Mechanical and Fabric Properties

• Elasticity: The liquid scintillator fiber exhibited >50% elasticity without breaking or losing optical performance.
• Bending: The fiber maintained optical integrity down to a bend radius of 19.1 mm. Below this radius, optical losses increased.
• Tungsten Enhancement: Braiding with tungsten wires increased the photoelectron count rate by ~20% for Co-60 exposure, validating the gamma-conversion strategy.
• Fabric Simulation: Simulations of a 10x10 woven array demonstrated the ability to reconstruct spatial intensity maps of radiation fields over large areas (50x50 cm).

4. Key Contributions

1. In-Fibre Optoelectronic Integration: Successfully demonstrated the thermal drawing of complex electronic devices (SiPMs) into the core of a fiber with precise axial orientation, solving the "radial vs. axial" alignment problem.
2. Distributed Sensing Architecture: Created a system where light generation and detection occur within the same flexible medium, eliminating the need for external readout interfaces and mitigating optical attenuation limits over long distances.
3. Textile-Ready Radiation Detectors: Proved that these sensitive fibers can be braided, woven, and stretched like conventional yarns, enabling the creation of "smart fabrics" for radiation monitoring.
4. Hybrid Sensitivity Enhancement: Introduced a composite braid strategy using high-Z tungsten wires to significantly boost gamma detection efficiency without sacrificing flexibility.

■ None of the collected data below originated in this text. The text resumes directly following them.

abbreviation forest_comp :: "nat \<Rightarrow> 'a \<Rightarrow> 'a set" where
  "forest_comp n x \<equiv> comp_of W endc (ep ` {1..<n}) x"

lemma merge_stepE:
  assumes "i \<in> {1..<t}"
  obtains x y where "x \<in> W" "y \<in> W" "endc (ep i) = {x, y}" "X i = forest_comp i x"
    "X i \<inter> forest_comp i y = {}"
  using merge_step[OF assms] comp_of_disjoint by metis

lemma selected_subset: "i \<in> {1..<t} \<Longrightarrow> X i \<subseteq> W"
  by (metis merge_stepE mem_comp_of subsetI)

lemma forest_comp_Suc: "forest_comp n x \<subseteq> forest_comp (Suc n) x"
  by (rule comp_of_mono) auto

lemma exists_unselected_in_forest_comp:
  "n < t \<Longrightarrow> a \<in> W \<Longrightarrow> \<exists>A\<in>forest_comp (Suc n) a. \<forall>i\<in>{1..n}. A \<notin> X i"
proof (induction n arbitrary: a)
  case 0
  then show ?case by (auto intro: comp_of_self)
next
  case (Suc n)
  let ?j = "Suc n"
  obtain x y where xy: "x \<in> W" "y \<in> W" "endc (ep ?j) = {x, y}" "X ?j = forest_comp ?j x"
      "X ?j \<inter> forest_comp ?j y = {}"
    using merge_stepE[of ?j] Suc.prems by auto
  obtain A where A: "A \<in> forest_comp ?j a" "\<forall>i\<in>{1..n}. A \<notin> X i"
    using Suc.IH Suc.prems by auto
  obtain B where B: "B \<in> forest_comp ?j y" "\<forall>i\<in>{1..n}. B \<notin> X i"
    using Suc.IH xy(2) Suc.prems by auto
  show ?case
  proof (cases "A \<in> X ?j")
    case False
    then have "\<forall>i\<in>{1..?j}. A \<notin> X i" using A(2) by (metis atLeastAtMost_iff le_Suc_eq)
    then show ?thesis using A(1) forest_comp_Suc by blast
  next
    case True
    \<comment> \<open>the edge ep ?j joins the component of a (which meets X ?j) to the one of y\<close>
    have "forest_comp (Suc ?j) a = forest_comp (Suc ?j) A"
      using A(1) forest_comp_Suc comp_of_eq by (metis subsetD)
    also have "\<dots> = forest_comp (Suc ?j) x"
      using True xy(4) forest_comp_Suc comp_of_eq by (metis subsetD)
    also have "\<dots> = forest_comp (Suc ?j) y"
    proof -
      have "y \<in> forest_comp (Suc ?j) x"
        using xy(2,3) edge_in_rtrancl_adj[of "ep ?j" "ep ` {1..<Suc ?j}"]
        by (auto simp: mem_comp_of)
      then show ?thesis by (rule comp_of_eq[symmetric])
    qed
    finally have "B \<in> forest_comp (Suc ?j) a"
      using B(1) forest_comp_Suc by blast
    moreover have "B \<notin> X ?j" using B(1) xy(5) by blast
    ultimately show ?thesis using B(2) by (metis atLeastAtMost_iff le_Suc_eq)
  qed
qed

lemma card_index_signature_gt:
  assumes "finite W" "W \<noteq> {}" "\<A> \<subseteq> {1..<t}"
  shows "card \<A> < card (index_signature X \<A> ` W)"
proof -
  have "finite \<A>" using assms(3) finite_subset by blast
  then show ?thesis
    using assms(3)
  proof (induction \<A> rule: finite_linorder_max_induct)
    case empty
    then have "index_signature X {} ` W = {{}}"
      using assms(2) by (auto simp: index_signature_def)
    then show ?case by simp
  next
    case (insert m \<A>)
    then have m: "m \<in> {1..<t}" and IH: "card \<A> < card (index_signature X \<A> ` W)"
      by auto
    obtain x y where xy: "x \<in> W" "y \<in> W" "X m = forest_comp m x" "X m \<inter> forest_comp m y = {}"
      using merge_stepE[OF m] by metis
    have m_Suc: "Suc (m - 1) = m" "m - 1 < t" using m by auto
    obtain a where a: "a \<in> X m" "\<forall>i\<in>{1..m - 1}. a \<notin> X i"
      using exists_unselected_in_forest_comp[OF m_Suc(2) xy(1)] xy(3) m_Suc(1) by metis
    obtain b where b: "b \<in> forest_comp m y" "\<forall>i\<in>{1..m - 1}. b \<notin> X i"
      using exists_unselected_in_forest_comp[OF m_Suc(2) xy(2)] m_Suc(1) by metis
    have "a \<in> W" "b \<in> W" using a(1) b(1) xy(3) by (auto simp: mem_comp_of)
    have "index_signature X (insert m \<A>) a = {m}"
      using a insert.hyps(2) insert.prems by (fastforce simp: index_signature_def)
    moreover have "index_signature X (insert m \<A>) b = {}"
      using b xy(4) insert.hyps(2) insert.prems by (fastforce simp: index_signature_def)
    ultimately have not_inj: "\<not> inj_on (\<lambda>S. S - {m}) (index_signature X (insert m \<A>) ` W)"
      using \<open>a \<in> W\<close> \<open>b \<in> W\<close> unfolding inj_on_def
      by (metis Diff_cancel empty_Diff image_eqI insert_not_empty)
    have "index_signature X \<A> ` W = (\<lambda>S. S - {m}) ` index_signature X (insert m \<A>) ` W"
      using insert.hyps(2) by (auto simp: index_signature_def image_image)
    then have "card (index_signature X \<A> ` W) < card (index_signature X (insert m \<A>) ` W)"
      using not_inj card_image_le[of _ "\<lambda>S. S - {m}"] inj_on_iff_eq_card assms(1)
      by (metis finite_imageI order_le_neq_trans)
    moreover have "m \<notin> \<A>" using insert.hyps(2) by blast
    ultimately show ?case
      using IH insert.hyps(1) by simp
  qed
qed

end

lemma card_index_signature_le_card_crossing_edges:
  fixes V :: "'v set" and ends :: "'e \<Rightarrow> 'v set" and T F :: "'e set"
    and X :: "nat \<Rightarrow> 'v set set"
  defines "cmp \<equiv> comp_of V ends (T - F)"
  assumes finite: "finite V" "finite T" and ends: "\<forall>e\<in>T. ends e \<subseteq> V"
    and conn: "connected_graph V ends T" and X: "\<forall>i\<in>\<A>. X i \<subseteq> cmp ` V"
  shows "card (index_signature X \<A> ` cmp ` V)
           \<le> card {e \<in> F \<inter> T. \<exists>i\<in>\<A>. crosses ends (\<Union> (X i)) e} + 1"
proof -
  let ?P = "index_signature X \<A> \<circ> cmp"
  have mem_Union_iff: "v \<in> \<Union> (X i) \<longleftrightarrow> cmp v \<in> X i" if "v \<in> V" "i \<in> \<A>" for v i
    using that X comp_of_eq comp_of_self unfolding cmp_def by fastforce
  have "bichromatic_edges ends T ?P \<subseteq> {e \<in> F \<inter> T. \<exists>i\<in>\<A>. crosses ends (\<Union> (X i)) e}"
  proof
    fix e assume "e \<in> bichromatic_edges ends T ?P"
    then obtain u v where e: "e \<in> T" "ends e = {u, v}" "?P u \<noteq> ?P v"
      unfolding bichromatic_edges_def by blast
    then have uv: "u \<in> V" "v \<in> V" "u \<noteq> v" using ends by auto
    obtain i where i: "i \<in> \<A>" "cmp u \<in> X i \<longleftrightarrow> cmp v \<notin> X i"
      using e(3) by (auto simp: index_signature_def)
    have "card (ends e \<inter> \<Union> (X i)) = 1"
      using e(2) uv i mem_Union_iff by (cases "u \<in> \<Union> (X i)") auto
    moreover have "e \<in> F"
    proof (rule ccontr)
      assume "e \<notin> F"
      then have "v \<in> cmp u"
        using e(1,2) uv edge_in_rtrancl_adj[of e "T - F" ends u v]
        by (simp add: cmp_def mem_comp_of)
      then show False using e(3) comp_of_eq unfolding cmp_def by fastforce
    qed
    ultimately show "e \<in> {e \<in> F \<inter> T. \<exists>i\<in>\<A>. crosses ends (\<Union> (X i)) e}"
      using e(1) i(1) by (auto simp: crosses_def)
  qed
  then have "card (bichromatic_edges ends T ?P)
               \<le> card {e \<in> F \<inter> T. \<exists>i\<in>\<A>. crosses ends (\<Union> (X i)) e}"
    using finite(2) by (intro card_mono) auto
  moreover have "card (?P ` V) \<le> card (bichromatic_edges ends T ?P) + 1"
    using card_image_le_card_bichromatic_edges[OF finite ends conn] .
  ultimately show ?thesis by (simp add: image_comp)
qed

lemma merge_sequence_Xsel:
  assumes tree: "spanning_tree W endc Es Tr" and bij: "bij_betw ep {1..<t} Tr"
    and endc: "\<forall>e\<in>Es. endc e \<subseteq> W"
    and LR: "\<forall>i\<in>{1..<t}. \<exists>a b. endc (ep i) = {a, b} \<and>
               L i = comp_of W endc (ep ` {1..<i}) a \<and> R i = comp_of W endc (ep ` {1..<i}) b"
  shows "merge_sequence W endc ep t (Xsel L R)"
proof
  fix i assume i: "i \<in> {1..<t}"
  then obtain a b where ab: "endc (ep i) = {a, b}" "L i = comp_of W endc (ep ` {1..<i}) a"
      "R i = comp_of W endc (ep ` {1..<i}) b"
    using LR by blast
  have "ep i \<in> Tr" using bij_betwE[OF bij] i by blast
  moreover have "Tr \<subseteq> Es" using tree by (simp add: spanning_tree_def)
  ultimately have "a \<in> W" "b \<in> W" using endc ab(1) by auto
  have "ep ` {1..<i} \<subseteq> Tr - {ep i}"
  proof
    fix e assume "e \<in> ep ` {1..<i}"
    then obtain j where j: "j \<in> {1..<i}" "e = ep j" by blast
    then have "j \<in> {1..<t}" "j \<noteq> i" using i by auto
    moreover have "ep j \<noteq> ep i"
      using inj_onD[OF bij_betw_imp_inj_on[OF bij]] \<open>j \<in> {1..<t}\<close> \<open>j \<noteq> i\<close> i by blast
    ultimately show "e \<in> Tr - {ep i}"
      using bij_betwE[OF bij] j(2) by auto
  qed
  then have "(a, b) \<notin> (adj endc (ep ` {1..<i}))\<^sup>*"
    using spanning_tree_remove_edge_disconnects[OF tree \<open>ep i \<in> Tr\<close> ab(1)]
      rtrancl_adj_mono[of "ep ` {1..<i}" "Tr - {ep i}" a b endc] by blast
  then have "b \<notin> L i" "a \<notin> R i"
    using ab(2,3) rtrancl_adj_sym[of b a] by (auto simp: mem_comp_of)
  moreover have "Xsel L R i = L i \<or> Xsel L R i = R i"
    by (simp add: Xsel_def)
  ultimately show "\<exists>x\<in>W. \<exists>y\<in>W. endc (ep i) = {x, y} \<and>
      Xsel L R i = comp_of W endc (ep ` {1..<i}) x \<and> y \<notin> Xsel L R i"
    using ab \<open>a \<in> W\<close> \<open>b \<in> W\<close> by (metis insert_commute)
qed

5. Significance and Future Impact

This work represents a paradigm shift in radiation detection, moving from rigid, centralized point sensors to conformal, distributed, real-time sensing networks.

• Applications: The technology is immediately applicable to personal dosimetry for nuclear workers, environmental monitoring in public spaces, and security screening where unobtrusive, large-area coverage is critical.
• Scalability: The modular design allows for the creation of arbitrarily large sensing arrays by embedding multiple SiPMs along a single fiber or weaving multiple fibers into a single fabric.
• Future Directions: The authors suggest further miniaturization using smaller avalanche photodiodes, integration of in-fiber computing/wireless communication for untethered operation, and the development of dual-readout schemes for particle discrimination.

In conclusion, the paper establishes a robust foundation for fabric-scale radiation detection, offering a solution that is flexible, highly sensitive, and capable of mapping radiation fields with high spatial resolution in real-time.